text \<open>If \<open>A\<close> and \<open>B\<close> project onto intervals of lengths \<open>d\<^sub>A, d\<^sub>B > 0\<close>, averaging
  one-dimensional Brunn--Minkowski over the slices gives
  \<open>|A + B| \<ge> (d\<^sub>A + d\<^sub>B) (|A|/d\<^sub>A + |B|/d\<^sub>B)
    = |A| + |B| + (d\<^sub>B/d\<^sub>A) |A| + (d\<^sub>A/d\<^sub>B) |B|\<close>.\<close>
lemma measure_set_plus_gt_fst:
  fixes A B :: "(real \<times> real) set"
  assumes A: "compact A" "convex A" "measure lebesgue A > 0"
    and B: "compact B" "convex B" "b \<in> B" "b' \<in> B" "fst b \<noteq> fst b'"
  shows "measure lebesgue A + measure lebesgue B < measure lebesgue (A + B)"
proof -
  obtain a a' where a: "fst ` A = {a..a'}" using fst_image_compact_convex A(1,2) by blast
  obtain c c' where c: "fst ` B = {c..c'}" using fst_image_compact_convex B(1,2) by blast
  have "a < a'"
  proof (rule ccontr)
    assume "\<not> a < a'"
    hence "A \<subseteq> {x. inner (1, 0) x = a}" using a by force
    moreover have "negligible {x. inner (1::real, 0::real) x = a}"
      by (rule negligible_hyperplane) (simp add: zero_prod_def)
    ultimately have "negligible A" using negligible_subset by blast
    thus False using A(3) negligible_imp_measure0 by force
  qed
  moreover have "c < c'"
  proof -
    have "fst b \<in> {c..c'}" "fst b' \<in> {c..c'}" using c B(3,4) by blast+
    thus ?thesis using B(5) by auto
  qed
  moreover define da db where "da = a' - a" and "db = c' - c"
  ultimately have da: "da > 0" "a' = a + da" and db: "db > 0" "c' = c + db" by simp_all
  define \<mu>A \<mu>B \<mu>AB where "\<mu>A = measure lebesgue A" and "\<mu>B = measure lebesgue B"
    and "\<mu>AB = measure lebesgue (A + B)"
  have "\<mu>A / da + \<mu>B / db \<le> \<mu>AB / (da + db)"
    unfolding \<mu>A_def \<mu>B_def \<mu>AB_def
    using a c da db by (intro mean_slice_measure_set_plus A(1) B(1)) simp_all
  hence "(da + db) * (\<mu>A / da + \<mu>B / db) \<le> \<mu>AB"
    using da db by (simp add: le_divide_eq mult.commute)
  moreover have
    "(da + db) * (\<mu>A / da + \<mu>B / db) = \<mu>A + \<mu>B + (db / da * \<mu>A + da / db * \<mu>B)"
    using da db by (simp add: field_simps)
  moreover have "db / da * \<mu>A > 0" "da / db * \<mu>B \<ge> 0"
    using da db A(3) by (simp_all add: \<mu>A_def \<mu>B_def)
  ultimately show ?thesis unfolding \<mu>A_def \<mu>B_def \<mu>AB_def by linarith
qed

lemma image_set_plus_additive:
  assumes "\<And>x y. f (x + y) = f x + f y"
  shows "f ` (A + B) = f ` A + f ` B"
proof -
  have "f ` (A + B) = {f (a + b) |a b. a \<in> A \<and> b \<in> B}" unfolding set_plus_def by blast
  also have "\<dots> = {f a + f b |a b. a \<in> A \<and> b \<in> B}" by (simp add: assms)
  also have "\<dots> = f ` A + f ` B" unfolding set_plus_def by blast
  finally show ?thesis .
qed

lemma measure_swap_image:
  fixes S :: "(real \<times> real) set"
  assumes S: "compact S"
  shows "measure lebesgue (prod.swap ` S) = measure lebesgue S"
proof -
  have S': "S \<in> sets (lborel \<Otimes>\<^sub>M lborel)" by (subst lborel_prod) (simp add: borel_compact S)
  have swap: "(\<lambda>(x, y). (y, x)) = prod.swap" by (simp add: fun_eq_iff)
  have "prod.swap ` S = prod.swap -` S" by force
  hence "emeasure lborel (prod.swap ` S) = emeasure (lborel \<Otimes>\<^sub>M lborel) (prod.swap -` S)"
    by (simp add: lborel_prod)
  also have "\<dots> = emeasure (distr (lborel \<Otimes>\<^sub>M lborel) (lborel \<Otimes>\<^sub>M lborel) prod.swap) S"
    using emeasure_distr[OF measurable_pair_swap' S'] by (simp add: swap space_pair_measure)
  also have "\<dots> = emeasure lborel S"
    by (simp only: lborel_pair.distr_pair_swap[symmetric, unfolded swap]) (simp add: lborel_prod)
  finally show ?thesis
    using S by (simp add: emeasure_lborel_compact compact_continuous_image continuous_on_swap)
qed

lemma measure_set_plus_gt:
  fixes A B :: "(real \<times> real) set"
  assumes A: "compact A" "convex A" "measure lebesgue A > 0"
    and B: "compact B" "convex B" "b \<in> B" "b' \<in> B" "b \<noteq> b'"
  shows "measure lebesgue A + measure lebesgue B < measure lebesgue (A + B)"
proof (cases "fst b = fst b'")
  case False
  thus ?thesis using measure_set_plus_gt_fst[OF A B(1-4)] by blast
next
  case True
  hence "fst (prod.swap b) \<noteq> fst (prod.swap b')" using B(5) by (simp add: prod_eq_iff)
  moreover have "compact (prod.swap ` S)" "convex (prod.swap ` S)"
    if "compact S" "convex S" for S :: "(real \<times> real) set"
    using that by (auto intro: compact_continuous_image continuous_on_swap convex_linear_image
        simp: linear_iff)
  ultimately have "measure lebesgue (prod.swap ` A) + measure lebesgue (prod.swap ` B)
      < measure lebesgue (prod.swap ` A + prod.swap ` B)"
    using A B by (intro measure_set_plus_gt_fst[where b = "prod.swap b" and b' = "prod.swap b'"])
        (auto simp: measure_swap_image)
  moreover have "prod.swap ` A + prod.swap ` B = prod.swap ` (A + B)"
    by (rule image_set_plus_additive[symmetric]) (simp add: prod.swap_def)
  ultimately show ?thesis
    using A B by (simp add: measure_swap_image compact_set_plus)
qed

lemma collinear_iff_subset_span_singleton:
  fixes S :: "'a::{perfect_space, real_vector} set"
  assumes "0 \<in> S"
  shows "collinear S \<longleftrightarrow> (\<exists>v. v \<noteq> 0 \<and> S \<subseteq> span {v})"
proof
  assume "collinear S"
  then obtain v where "v \<noteq> 0" "\<forall>x\<in>S. \<forall>y\<in>S. \<exists>c. x - y = c *\<^sub>R v"
    unfolding collinear by blast
  thus "\<exists>v. v \<noteq> 0 \<and> S \<subseteq> span {v}"
    using assms by (metis diff_zero span_singleton rangeI subsetI)
next
  assume "\<exists>v. v \<noteq> 0 \<and> S \<subseteq> span {v}"
  then obtain v where "S \<subseteq> span {v}" by blast
  hence "\<exists>c. x - y = c *\<^sub>R v" if "x \<in> S" "y \<in> S" for x y
    using that span_diff[of x "{v}" y] by (auto simp: span_singleton)
  thus "collinear S" unfolding collinear_def by blast
qed

lemma negligible_convex_imp_collinear:
  fixes S :: "(real \<times> real) set"
  assumes "convex S" "negligible S"
  shows "collinear S"
proof (cases "S = {}")
  case False
  have "interior S = {}" using assms negligible_convex_interior by blast
  hence "aff_dim S \<noteq> int DIM(real \<times> real)"
    using False assms(1) by (metis interior_rel_interior_gen rel_interior_eq_empty)
  thus ?thesis using aff_dim_le_DIM[of S] by (simp add: collinear_aff_dim)
qed simp

lemma negligible_subset_span_singleton:
  fixes S :: "(real \<times> real) set"
  assumes "S \<subseteq> span {v}"
  shows "negligible S"
proof -
  have "dim (span {v}) < DIM(real \<times> real)" by (simp add: dim_span)
  thus ?thesis using assms negligible_lowdim negligible_subset by blast
qed

lemma measure_set_plus_ge:
  fixes A B :: "(real \<times> real) set"
  assumes A: "compact A" "convex A" "0 \<in> A" and B: "compact B" "convex B" "0 \<in> B"
  shows "measure lebesgue A + measure lebesgue B \<le> measure lebesgue (A + B)"
proof -
  have AB: "A + B \<in> lmeasurable" using A B by (simp add: lmeasurable_compact compact_set_plus)
  have sub: "A \<subseteq> A + B" "B \<subseteq> A + B"
    using set_zero_plus2[OF B(3), of A] set_zero_plus2[OF A(3), of B] by (simp_all add: add.commute)
  have mono: "measure lebesgue A \<le> measure lebesgue (A + B)"
      "measure lebesgue B \<le> measure lebesgue (A + B)"
    using sub A(1) B(1) AB by (auto intro!: measure_mono_fmeasurable fmeasurableD lmeasurable_compact)
  show ?thesis
  proof (cases "measure lebesgue A = 0 \<or> measure lebesgue B = 0")
    case True thus ?thesis using mono by auto
  next
    case False
    hence "B \<noteq> {0}" by auto
    then obtain b where "b \<in> B" "b \<noteq> 0" using B(3) by blast
    moreover have "measure lebesgue A > 0" using False measure_nonneg[of lebesgue A] by linarith
    ultimately show ?thesis using measure_set_plus_gt[OF A(1,2) _ B(1,2) _ B(3)] by fastforce
  qed
qed

lemma measure_set_plus_eq_iff_collinear:
  fixes A B :: "(real \<times> real) set"
  assumes A: "compact A" "convex A" "0 \<in> A" "A \<noteq> {0}"
    and B: "compact B" "convex B" "0 \<in> B" "B \<noteq> {0}"
  shows "measure lebesgue (A + B) = measure lebesgue A + measure lebesgue B \<longleftrightarrow>
    collinear (A \<union> B)"
proof
  assume eq: "measure lebesgue (A + B) = measure lebesgue A + measure lebesgue B"
  obtain a where a: "a \<in> A" "a \<noteq> 0" using A(3,4) by blast
  obtain b where b: "b \<in> B" "b \<noteq> 0" using B(3,4) by blast
  have "\<not> measure lebesgue A > 0"
    using measure_set_plus_gt[OF A(1,2) _ B(1,2) b(1) B(3) b(2)] eq by auto
  moreover have "\<not> measure lebesgue B > 0"
    using measure_set_plus_gt[OF B(1,2) _ A(1,2) a(1) A(3) a(2)] eq by (auto simp: add.commute)
  ultimately have "measure lebesgue A = 0" "measure lebesgue B = 0"
    using measure_nonneg[of lebesgue A] measure_nonneg[of lebesgue B] by linarith+
  hence "negligible (A + B)"
    using eq A B by (simp add: negligible_iff_measure0 lmeasurable_compact compact_set_plus)
  hence "collinear (A + B)"
    using A(2) B(2) by (intro negligible_convex_imp_collinear convex_set_plus)
  moreover have "A \<union> B \<subseteq> A + B"
    using set_zero_plus2[OF B(3), of A] set_zero_plus2[OF A(3), of B] by (simp add: add.commute)
  ultimately show "collinear (A \<union> B)" by (rule collinear_subset)
next
  assume "collinear (A \<union> B)"
  then obtain v where "A \<union> B \<subseteq> span {v}"
    using A(3) collinear_iff_subset_span_singleton[of "A \<union> B"] by blast
  moreover from this have "A + B \<subseteq> span {v}" by (blast elim!: set_plus_elim intro: span_add)
  ultimately have "negligible A" "negligible B" "negligible (A + B)"
    using negligible_subset_span_singleton by blast+
  thus "measure lebesgue (A + B) = measure lebesgue A + measure lebesgue B"
    by (simp add: negligible_imp_measure0)
qed

lemma collinear_Un_iff_segments_on_line:
  fixes A B :: "(real \<times> real) set"
  assumes A: "compact A" "convex A" "0 \<in> A" and B: "compact B" "convex B" "0 \<in> B"
  shows "collinear (A \<union> B) \<longleftrightarrow>
    (\<exists>v. v \<noteq> 0 \<and> A \<subseteq> span {v} \<and> B \<subseteq> span {v} \<and>
      (\<exists>p q. A = closed_segment p q) \<and> (\<exists>p q. B = closed_segment p q))"
proof
  assume col: "collinear (A \<union> B)"
  then obtain v where "v \<noteq> 0" "A \<union> B \<subseteq> span {v}"
    using A(3) collinear_iff_subset_span_singleton[of "A \<union> B"] by blast
  moreover have "\<exists>p q. A = closed_segment p q" "\<exists>p q. B = closed_segment p q"
    using col A B
    by (metis collinear_subset compact_convex_collinear_segment empty_iff sup_ge1 sup_ge2)+
  ultimately show "\<exists>v. v \<noteq> 0 \<and> A \<subseteq> span {v} \<and> B \<subseteq> span {v} \<and>
      (\<exists>p q. A = closed_segment p q) \<and> (\<exists>p q. B = closed_segment p q)" by blast
next
  assume "\<exists>v. v \<noteq> 0 \<and> A \<subseteq> span {v} \<and> B \<subseteq> span {v} \<and>
      (\<exists>p q. A = closed_segment p q) \<and> (\<exists>p q. B = closed_segment p q)"
  thus "collinear (A \<union> B)"
    using A(3) collinear_iff_subset_span_singleton[of "A \<union> B"] by blast
qed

==========

## REQUIRED ACTION
Find each line in the records that contains the string "rule", then say how many there are and nothing else.

## ANSWER TO THE PROBLEM
4